Go to Settings → API Keys and click Create API Key. Give the key a name that describes what it will be used for — something like “production-agent” or “ci-pipeline” is clearer than “key1.”

Choose a scope:

Agentic — for SDK integrations and governed agents. Allows governance evaluations, audit trail reads, and agent status updates. This is the right scope for most agent integrations.

Write — for platform integrations that need to create or update resources. Allows everything Agentic allows, plus managing agents, policies, and context.

Read — for analytics, monitoring, and reporting tools. Read-only access to evaluations, audit trail, and agent status.

Admin — full access. Reserve this for internal tooling and automation, not for agents.

When you create a key, the full key value is shown exactly once. Copy it immediately and store it securely. Nomotic does not store the full key — only a hashed version for verification. If you lose it, generate a new one.

Using your API key

Include your API key in the Authorization header of every request:

Authorization: Bearer nm_live_your_key_here

All API requests go to:

https://amp.nomotic.ai/api/v1/

Example request to list your agents:

GET https://amp.nomotic.ai/api/v1/agents
Authorization: Bearer nm_live_your_key_here
Content-Type: application/json

Key prefixes

Every Nomotic API key starts with nm_live_ for production keys. If you are building a development integration, you can use a separate key and label it accordingly in the dashboard. There is no separate test mode — governance evaluations in development count toward your monthly evaluation limit just like production evaluations.

Rotating keys

To rotate a key, create a new one with the same scope, update your integration to use the new key, verify it is working, then revoke the old key. Revoking is immediate — any request using the revoked key will receive a 401 Unauthorized response.

Rate limits

API rate limits are based on your plan:

Free: 60 requests per minute Team: 500 requests per minute Business: 2,000 requests per minute Enterprise: Custom

If you exceed your rate limit, requests return a 429 Too Many Requests response with a Retry-After header indicating when to try again.

Common authentication errors

401 Unauthorized — your API key is missing, malformed, or has been revoked. Check that the Authorization header is present and correctly formatted.

403 Forbidden — your API key does not have the scope required for this endpoint. For example, a Read key cannot submit governance evaluations.

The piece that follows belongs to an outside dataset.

(* Let $n\ge1$, let $u(z)$ be a scalar function and $\mathbf v(z)\in\mathbb R^n$ a vector function (column vector), let $A$ be a constant real skew-symmetric $n\times n$ matrix and $\beta$ a constant. Define the block matrices of block size $(1,1,n,1)\times(1,1,n,1)$ \[ {\cal B}_0=\begin{pmatrix} -1 & 0 & 0 & 0\\ 0 & 0 & 0 & 0\\ 0 & 0 & 0 & 0\\ 0 & 0 & 0 & 1 \end{pmatrix},\quad {\cal B}_1=\begin{pmatrix} 0 & 1 & 0 & 0\\ u & 0 & 0 & 1\\ \mathbf v & 0 & 0 & 0\\ 0 & u & \mathbf v^T & 0 \end{pmatrix},\quad {\cal B}_2= \begin{pmatrix} u & 0 & 0 & 0\\ u' & 0 & \mathbf v^T & 0\\ \mathbf v' & -\mathbf v & 0 & 0\\ 0 & u' & (\mathbf v')^T & -u \end{pmatrix}, \] and ${\cal B}=\zeta{\cal B}_0+{\cal B}_1$, where $\zeta$ is a spectral parameter. Then: (a) The system $u''=\frac32u^2-\frac32(\mathbf v,\mathbf v)+\beta$, $\mathbf v'''=3u\mathbf v'+3u'\mathbf v+A\mathbf v$ admits the isospectral Lax pair ${\cal A}'=[{\cal B},{\cal A}]$ with ${\cal A}=\zeta^3{\cal B}_0+\zeta^2{\cal B}_1+\zeta{\cal B}_2+{\cal B}_3$, where \[ {\cal B}_3= \begin{pmatrix} u' & -u & \mathbf v^T & 0\\ \frac{1}{2}u^2-\frac{1}{2}(\mathbf v,\mathbf v)+\beta & 0 & (\mathbf v')^T & -u\\ \mathbf v''-2u\mathbf v & -\mathbf v' & -A & \mathbf v\\ 0 & \frac{1}{2}u^2-\frac{1}{2}(\mathbf v,\mathbf v)+\beta & (\mathbf v'')^T-2u\mathbf v^T & -u' \end{pmatrix}. \] (b) The system $u''=\frac32u^2-\frac32(\mathbf v,\mathbf v)+z$, $\mathbf v'''=3u\mathbf v'+3u'\mathbf v+A\mathbf v$ admits the isomonodromic Lax pair ${\cal A}'={\cal B}_\zeta+[{\cal B},{\cal A}]$ with ${\cal A}=\zeta^4{\cal B}_0+\zeta^3{\cal B}_1+\zeta^2{\cal B}_2+\zeta{\cal B}_3+{\cal B}_4$, where \[ {\cal B}_3= \begin{pmatrix} u' & -u & \mathbf v^T & 0\\ \frac{1}{2}u^2-\frac{1}{2}(\mathbf v,\mathbf v)+z & 0 & (\mathbf v')^T & -u\\ \mathbf v''-2u\mathbf v & -\mathbf v' & -A & \mathbf v\\ 0 & \frac{1}{2}u^2-\frac{1}{2}(\mathbf v,\mathbf v)+z & (\mathbf v'')^T-2u\mathbf v^T & -u' \end{pmatrix},\quad {\cal B}_4=\begin{pmatrix} 0 & 0 & 0 & 0\\ 1 & 0 & 0 & 0\\ 0 & 0 & 0 & 0\\ 0 & 1 & 0 & 0 \end{pmatrix}. \] (c) The system $u'''=3uu'-3(\mathbf v,\mathbf v')+zu'+2u$, $\mathbf v'''=3u\mathbf v'+3u'\mathbf v+z\mathbf v'+(A+2)\mathbf v$ admits the isomonodromic Lax pair ${\cal A}'={\cal B}_\zeta+[{\cal B},{\cal A}]$ with ${\cal A}=-(\zeta-z\zeta^{-1}){\cal B}-{\cal B}_2-\zeta^{-1}{\cal B}_3$, where \[ {\cal B}_3= \begin{pmatrix} u'+1 & -u & \mathbf v^T & 0\\ u''-u^2+(\mathbf v,\mathbf v) & 0 & (\mathbf v')^T & -u\\ \mathbf v''-2u\mathbf v & -\mathbf v' & -A & \mathbf v\\ 0 & u''-u^2+(\mathbf v,\mathbf v) & (\mathbf v'')^T-2u\mathbf v^T & -u'-1 \end{pmatrix}. \]
   Context: Primes denote derivatives with respect to $z$; $\zeta$ is independent of $z$; $(\cdot,\cdot)$ is the standard scalar product on $\mathbb R^n$; in (c), $A+2$ means $A+2I_n$. "Admits the Lax pair" means the stated matrix equation holds by virtue of the system. *)

theory Defs
  imports "HOL-Analysis.Analysis"
begin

429 Too Many Requests — you have hit your rate limit. Implement exponential backoff in your integration.

Security best practices

Never put API keys in source code or commit them to version control. Use environment variables or a secrets manager. Rotate keys periodically, especially after team member offboarding. Use the minimum scope required for each integration — an agent that only needs to submit evaluations should use an Agentic key, not an Admin key.